In certain areas, such as the Kola peninsula, significant forest areas have been severely damaged by pollution. Nevertheless, these areas are relatively small compared to the huge areas of remote forests where human intervention has been minimal. The forests of the former USSR have also been severely damaged by widespread contamination by radioactive isotopes after the Chernobyl nuclear disaster. It is estimated that more than 7 million ha of forest and other wooded land are contaminated in Belarus, Russia and Ukraine, hindering or preventing forest work and wood harvesting. Apart from the consequences for health, the economic damage to forest-dependent communities and the general economy of the three countries, there is a danger of fires which would redistribute the radio-isotopes over wide areas. New strategies are being developed to manage this situation, but resources to deal with it are extremely limited.
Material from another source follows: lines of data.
lemma nsmul_inj_below_add_order:
  fixes c :: "'a::{ab_group_add,finite}"
  assumes "i < add_order c" "j < add_order c" "nsmul i c = nsmul j c"
  shows "i = j"
proof -
  have False if "i < j" "j < add_order c" "nsmul i c = nsmul j c" for i j
  proof -
    have "0 < j - i \<and> nsmul (j - i) c = 0" "j - i < add_order c"
      using that nsmul_diff[of i j c] by auto
    then show False
      using not_less_Least[of "j - i" "\<lambda>m. 0 < m \<and> nsmul m c = 0"]
      unfolding add_order_def by blast
  qed
  then show ?thesis
    using assms by (metis linorder_neqE_nat)
qed

lemma nsmul_mod_add_order:
  fixes c :: "'a::{ab_group_add,finite}"
  shows "nsmul (j mod add_order c) c = nsmul j c"
  by (rule nsmul_mod[OF nsmul_add_order])

lemma gen_subgroup_singleton:
  fixes c :: "'a::{ab_group_add,finite}"
  shows "gen_subgroup {c} = (\<lambda>j. nsmul j c) ` {..<add_order c}"
proof
  have multiple: "nsmul j c \<in> (\<lambda>j. nsmul j c) ` {..<add_order c}" for j
    using nsmul_mod_add_order[of j c] add_order_pos[of c]
    by (metis image_eqI lessThan_iff mod_less_divisor)
  show "gen_subgroup {c} \<subseteq> (\<lambda>j. nsmul j c) ` {..<add_order c}"
  proof
    fix x assume "x \<in> gen_subgroup {c}"
    then show "x \<in> (\<lambda>j. nsmul j c) ` {..<add_order c}"
    proof (induction rule: gen_subgroup.induct)
      case (base x)
      then show ?case using multiple[of 1] by simp
    next
      case zero
      then show ?case using multiple[of 0] by simp
    next
      case (add x y)
      then show ?case using multiple by (auto simp flip: nsmul_add)
    next
      case (neg x)
      then obtain j where "x = nsmul j c" by blast
      then have "- x = nsmul (add_order c * j - j) c"
        using nsmul_diff[of j "add_order c * j" c] nsmul_mult_eq_0[OF nsmul_add_order]
          add_order_pos[of c] by simp
      then show ?case using multiple by simp
    qed
  qed
  have "nsmul j c \<in> gen_subgroup {c}" for j
    by (induction j) (auto intro: gen_subgroup.intros)
  then show "(\<lambda>j. nsmul j c) ` {..<add_order c} \<subseteq> gen_subgroup {c}" by blast
qed

lemma card_gen_subgroup_singleton:
  fixes c :: "'a::{ab_group_add,finite}"
  shows "card (gen_subgroup {c}) = add_order c"
proof -
  have "inj_on (\<lambda>j. nsmul j c) {..<add_order c}"
    using nsmul_inj_below_add_order by (auto simp: inj_on_def)
  then show ?thesis by (simp add: gen_subgroup_singleton card_image)
qed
In the 1980s, recorded removals of wood in the USSR, most of which came from Russian forests, totalled about 380 million m3. The economic and physical disruptions associated with economic transition, including lack of finance, uncertainty about ownership, enterprise debt (leading to barter trade), infrastructure problems etc. caused this to drop sharply. In 1995, recorded removals in Russia were only about 110 million m3, although it is likely that there were significant volumes of unrecorded removals. A major factor was the imposition of realistic freight charges on the trans-Siberian railways, a decision which made huge areas of central Siberia economically inaccessible overnight. There are signs that the Russian economy may be nearing its lowest point, but political and economic uncertainty is still very high. The majority of wood processing forest enterprises have been effectively privatized, and foreign investment in some industries has also been reported, as well as joint ventures, typically aimed at producing logs for export. Practically all forest lands still belong to the state.

Table 5
Growing stock, increment and harvest on land managed by the state forest service, Russia, 1993 (million m3)21,22

21 The growing stock and increment figures in Table 5 refer to the forested area managed by the state forest service - 706 million ha, which gives average growing stock per ha on this land of 100 m³/ha and average increment of 1.2 m³/ha, roughly comparable to the figure for Canada, which also has large areas of natural boreal forest, On average the harvesting intensity (volume of wood harvested per hectare on average) is under 0.24 m³/ha, although some areas have been harvested very intenslvely.

22 Shvidenko and Nilsson (1996).

growing stock

705 800

coniferous

507 700

growing stock in mature forest

42 000

coniferous

34 200

growing stock in mature forest allowable for harvesting

25 700

average increment

830

annual allowable cut

529

actual harvest (final cut)

174

thinnings

20

The outlook for the Russian forest, forest products sector, and trade potential is extremely uncertain; it is ultimately dependent on the successful outcome of economic transition. If the transition process is satisfactorily completed, Russian forests have the biological potential for sustainable supply of large volumes of wood, provided adequate policies are developed and enforced, and sufficient investment is forthcoming, notably for infrastructure and mills. Siberia could become the major source of an increasingly rare commodity - high quality coniferous wood, supplies of which have been reduced from the USA for policy reasons, and from Canada due to physical/economic inaccessibility. However, it should be borne in mind that, as the Russian economy recovers, so will domestic disposable income; this could unlock a huge potential demand for Russian forest products from the domestic market.